● PROBLEM STATEMENT
Each line below should be copied exactly as it stands.

INFORMATION SHOWN Start Marker

definition initial_msgs :: "'a set \<Rightarrow> ('a \<Rightarrow> 'a \<Rightarrow> bool) \<Rightarrow> ('a \<Rightarrow> 'a set) \<Rightarrow> ('a \<times> 'a set) multiset" where
  "initial_msgs A E pb =
     image_mset (\<lambda>(i, j). (j, pb i)) (mset_set {(i, j). i \<in> A \<and> j \<in> neighbors A E i})"

(* one epoch: C1, then C2, then all messages (including direct R2 messages)
   are processed in some arbitrary order until none is pending. *)
definition epoch :: "'a set \<Rightarrow> ('a \<Rightarrow> 'a \<Rightarrow> bool) \<Rightarrow> ('a \<Rightarrow> 'a set) \<Rightarrow> ('a \<Rightarrow> 'a set) \<Rightarrow> bool" where
  "epoch A E pb pb' \<longleftrightarrow>
     (let pb1 = add_self A pb in deliver\<^sup>*\<^sup>* (pb1, initial_msgs A E pb1) (pb', {#}))"

(* an execution: pbs t = partial blocks at the start of epoch t; initially empty *)
definition execution :: "'a set \<Rightarrow> ('a \<Rightarrow> 'a \<Rightarrow> bool) \<Rightarrow> (nat \<Rightarrow> 'a \<Rightarrow> 'a set) \<Rightarrow> bool" where
  "execution A E pbs \<longleftrightarrow> pbs 0 = (\<lambda>_. {}) \<and> (\<forall>t. epoch A E (pbs t) (pbs (Suc t)))"

definition D :: "nat \<Rightarrow> (nat \<Rightarrow> 'a \<Rightarrow> 'a set) \<Rightarrow> nat \<Rightarrow> 'a \<Rightarrow> bool" where
  "D L pbs t i \<longleftrightarrow> pbs t i = pbs (Suc t) i \<and> card (pbs t i) < L"

definition deadlock :: "'a set \<Rightarrow> nat \<Rightarrow> (nat \<Rightarrow> 'a \<Rightarrow> 'a set) \<Rightarrow> nat \<Rightarrow> bool" where
  "deadlock A L pbs t \<longleftrightarrow> (\<forall>i\<in>A. D L pbs t i)"

end

theory Submission
  imports Defs
begin

text \<open>
  The quantity card (pb x - {x}) never decreases while messages are delivered, and it strictly
  increases whenever pb x changes. Step C1 only inserts x itself, so in an epoch that leaves every
  partial block unchanged no block changes at any moment of the epoch, and every agent already
  contains itself. Consequently no message ever triggers R1. Applied to the C2 messages in both
  directions of an edge i--j this forces card (pb i) = card (pb j) and j \<in> pb i; if moreover
  pb i \<noteq> pb j, rule R2 sends pb j to some k \<in> pb i - pb j, and there it would trigger R1. Hence
  neighbours hold equal blocks, by connectivity all agents hold the same block, and it contains
  every agent. With L = card A this block has length L, so not all agents can satisfy D.
\<close>

lemma connected_graph_propagate:
  assumes "connected_graph A E"
    and edge: "\<And>i j. E i j \<Longrightarrow> f i = f j"
    and "x \<in> A" "y \<in> A"
  shows "f x = f y"
proof -
  have "E\<^sup>*\<^sup>* x y" using assms unfolding connected_graph_def by blast
  then show ?thesis by (induction rule: rtranclp_induct) (simp_all add: edge)
qed

definition wf_config :: "'a set \<Rightarrow> 'a config \<Rightarrow> bool" where
  "wf_config A c \<longleftrightarrow> (\<forall>x. fst c x \<subseteq> A) \<and> (\<forall>m \<in># snd c. fst m \<in> A \<and> snd m \<subseteq> A)"

lemma fst_receive:
  "fst (receive j P c) = (if card (fst c j - {j}) < card (P - {j}) then (fst c)(j := P) else fst c)"
  by (simp add: receive_def Let_def)

lemma snd_receive_forward:
  assumes "card (P - {j}) = card (fst c j - {j})" "P \<noteq> fst c j"
  shows "snd (receive j P c)
           = snd c - {#(j, P)#} + image_mset (\<lambda>k. (k, fst c j)) (mset_set (P - fst c j))"
  using assms by (simp add: receive_def Let_def)

lemma pending_receive:
  "m \<in># snd c - {#(j, P)#} \<Longrightarrow> m \<in># snd (receive j P c)"
  by (auto simp: receive_def Let_def)

lemma pending_after_receive:
  "m \<in># snd (receive j P c) \<Longrightarrow> m \<in># snd c - {#(j, P)#} \<or> (\<exists>k \<in> P - fst c j. m = (k, fst c j))"
  by (cases "finite (P - fst c j)") (auto simp: receive_def Let_def split: if_splits)

lemma receive_wf_config:
  assumes "wf_config A c" "(j, P) \<in># snd c"
  shows "wf_config A (receive j P c)"
proof -
  have "P \<subseteq> A" "j \<in> A" "fst c j \<subseteq> A"
    using assms unfolding wf_config_def by fastforce+
  moreover have "fst m \<in> A \<and> snd m \<subseteq> A" if "m \<in># snd (receive j P c)" for m
    using pending_after_receive[OF that] assms(1) \<open>P \<subseteq> A\<close> \<open>fst c j \<subseteq> A\<close>
    unfolding wf_config_def by (fastforce dest: in_diffD)
  ultimately show ?thesis
    using assms(1) unfolding wf_config_def fst_receive by auto
qed

lemma deliver_rtranclp_wf_config:
  "deliver\<^sup>*\<^sup>* c c' \<Longrightarrow> wf_config A c \<Longrightarrow> wf_config A c'"
  by (induction rule: rtranclp_induct) (auto simp: deliver_def receive_wf_config)

lemma finite_directed_edges:
  "finite A \<Longrightarrow> finite {(i, j). i \<in> A \<and> j \<in> neighbors A E i}"
  by (rule finite_subset[of _ "A \<times> A"]) (auto simp: neighbors_def)

lemma wf_config_epoch_start:
  assumes "finite A" "\<And>x. pb x \<subseteq> A"
  shows "wf_config A (add_self A pb, initial_msgs A E (add_self A pb))"
  using assms finite_directed_edges[OF assms(1), of E]
  by (auto simp: wf_config_def add_self_def initial_msgs_def neighbors_def)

INFORMATION SHOWN End Marker

● RESULT FOR THIS TASK
definition initial_msgs :: "'a set \<Rightarrow> ('a \<Rightarrow> 'a \<Rightarrow> bool) \<Rightarrow> ('a \<Rightarrow> 'a set) \<Rightarrow> ('a \<times> 'a set) multiset" where
  "initial_msgs A E pb =
     image_mset (\<lambda>(i, j). (j, pb i)) (mset_set {(i, j). i \<in> A \<and> j \<in> neighbors A E i})"

(* one epoch: C1, then C2, then all messages (including direct R2 messages)
   are processed in some arbitrary order until none is pending. *)
definition epoch :: "'a set \<Rightarrow> ('a \<Rightarrow> 'a \<Rightarrow> bool) \<Rightarrow> ('a \<Rightarrow> 'a set) \<Rightarrow> ('a \<Rightarrow> 'a set) \<Rightarrow> bool" where
  "epoch A E pb pb' \<longleftrightarrow>
     (let pb1 = add_self A pb in deliver\<^sup>*\<^sup>* (pb1, initial_msgs A E pb1) (pb', {#}))"

(* an execution: pbs t = partial blocks at the start of epoch t; initially empty *)
definition execution :: "'a set \<Rightarrow> ('a \<Rightarrow> 'a \<Rightarrow> bool) \<Rightarrow> (nat \<Rightarrow> 'a \<Rightarrow> 'a set) \<Rightarrow> bool" where
  "execution A E pbs \<longleftrightarrow> pbs 0 = (\<lambda>_. {}) \<and> (\<forall>t. epoch A E (pbs t) (pbs (Suc t)))"

definition D :: "nat \<Rightarrow> (nat \<Rightarrow> 'a \<Rightarrow> 'a set) \<Rightarrow> nat \<Rightarrow> 'a \<Rightarrow> bool" where
  "D L pbs t i \<longleftrightarrow> pbs t i = pbs (Suc t) i \<and> card (pbs t i) < L"

definition deadlock :: "'a set \<Rightarrow> nat \<Rightarrow> (nat \<Rightarrow> 'a \<Rightarrow> 'a set) \<Rightarrow> nat \<Rightarrow> bool" where
  "deadlock A L pbs t \<longleftrightarrow> (\<forall>i\<in>A. D L pbs t i)"

end

theory Submission
  imports Defs
begin

text \<open>
  The quantity card (pb x - {x}) never decreases while messages are delivered, and it strictly
  increases whenever pb x changes. Step C1 only inserts x itself, so in an epoch that leaves every
  partial block unchanged no block changes at any moment of the epoch, and every agent already
  contains itself. Consequently no message ever triggers R1. Applied to the C2 messages in both
  directions of an edge i--j this forces card (pb i) = card (pb j) and j \<in> pb i; if moreover
  pb i \<noteq> pb j, rule R2 sends pb j to some k \<in> pb i - pb j, and there it would trigger R1. Hence
  neighbours hold equal blocks, by connectivity all agents hold the same block, and it contains
  every agent. With L = card A this block has length L, so not all agents can satisfy D.
\<close>

lemma connected_graph_propagate:
  assumes "connected_graph A E"
    and edge: "\<And>i j. E i j \<Longrightarrow> f i = f j"
    and "x \<in> A" "y \<in> A"
  shows "f x = f y"
proof -
  have "E\<^sup>*\<^sup>* x y" using assms unfolding connected_graph_def by blast
  then show ?thesis by (induction rule: rtranclp_induct) (simp_all add: edge)
qed

definition wf_config :: "'a set \<Rightarrow> 'a config \<Rightarrow> bool" where
  "wf_config A c \<longleftrightarrow> (\<forall>x. fst c x \<subseteq> A) \<and> (\<forall>m \<in># snd c. fst m \<in> A \<and> snd m \<subseteq> A)"

lemma fst_receive:
  "fst (receive j P c) = (if card (fst c j - {j}) < card (P - {j}) then (fst c)(j := P) else fst c)"
  by (simp add: receive_def Let_def)

lemma snd_receive_forward:
  assumes "card (P - {j}) = card (fst c j - {j})" "P \<noteq> fst c j"
  shows "snd (receive j P c)
           = snd c - {#(j, P)#} + image_mset (\<lambda>k. (k, fst c j)) (mset_set (P - fst c j))"
  using assms by (simp add: receive_def Let_def)

lemma pending_receive:
  "m \<in># snd c - {#(j, P)#} \<Longrightarrow> m \<in># snd (receive j P c)"
  by (auto simp: receive_def Let_def)

lemma pending_after_receive:
  "m \<in># snd (receive j P c) \<Longrightarrow> m \<in># snd c - {#(j, P)#} \<or> (\<exists>k \<in> P - fst c j. m = (k, fst c j))"
  by (cases "finite (P - fst c j)") (auto simp: receive_def Let_def split: if_splits)

lemma receive_wf_config:
  assumes "wf_config A c" "(j, P) \<in># snd c"
  shows "wf_config A (receive j P c)"
proof -
  have "P \<subseteq> A" "j \<in> A" "fst c j \<subseteq> A"
    using assms unfolding wf_config_def by fastforce+
  moreover have "fst m \<in> A \<and> snd m \<subseteq> A" if "m \<in># snd (receive j P c)" for m
    using pending_after_receive[OF that] assms(1) \<open>P \<subseteq> A\<close> \<open>fst c j \<subseteq> A\<close>
    unfolding wf_config_def by (fastforce dest: in_diffD)
  ultimately show ?thesis
    using assms(1) unfolding wf_config_def fst_receive by auto
qed

lemma deliver_rtranclp_wf_config:
  "deliver\<^sup>*\<^sup>* c c' \<Longrightarrow> wf_config A c \<Longrightarrow> wf_config A c'"
  by (induction rule: rtranclp_induct) (auto simp: deliver_def receive_wf_config)

lemma finite_directed_edges:
  "finite A \<Longrightarrow> finite {(i, j). i \<in> A \<and> j \<in> neighbors A E i}"
  by (rule finite_subset[of _ "A \<times> A"]) (auto simp: neighbors_def)

lemma wf_config_epoch_start:
  assumes "finite A" "\<And>x. pb x \<subseteq> A"
  shows "wf_config A (add_self A pb, initial_msgs A E (add_self A pb))"
  using assms finite_directed_edges[OF assms(1), of E]
  by (auto simp: wf_config_def add_self_def initial_msgs_def neighbors_def)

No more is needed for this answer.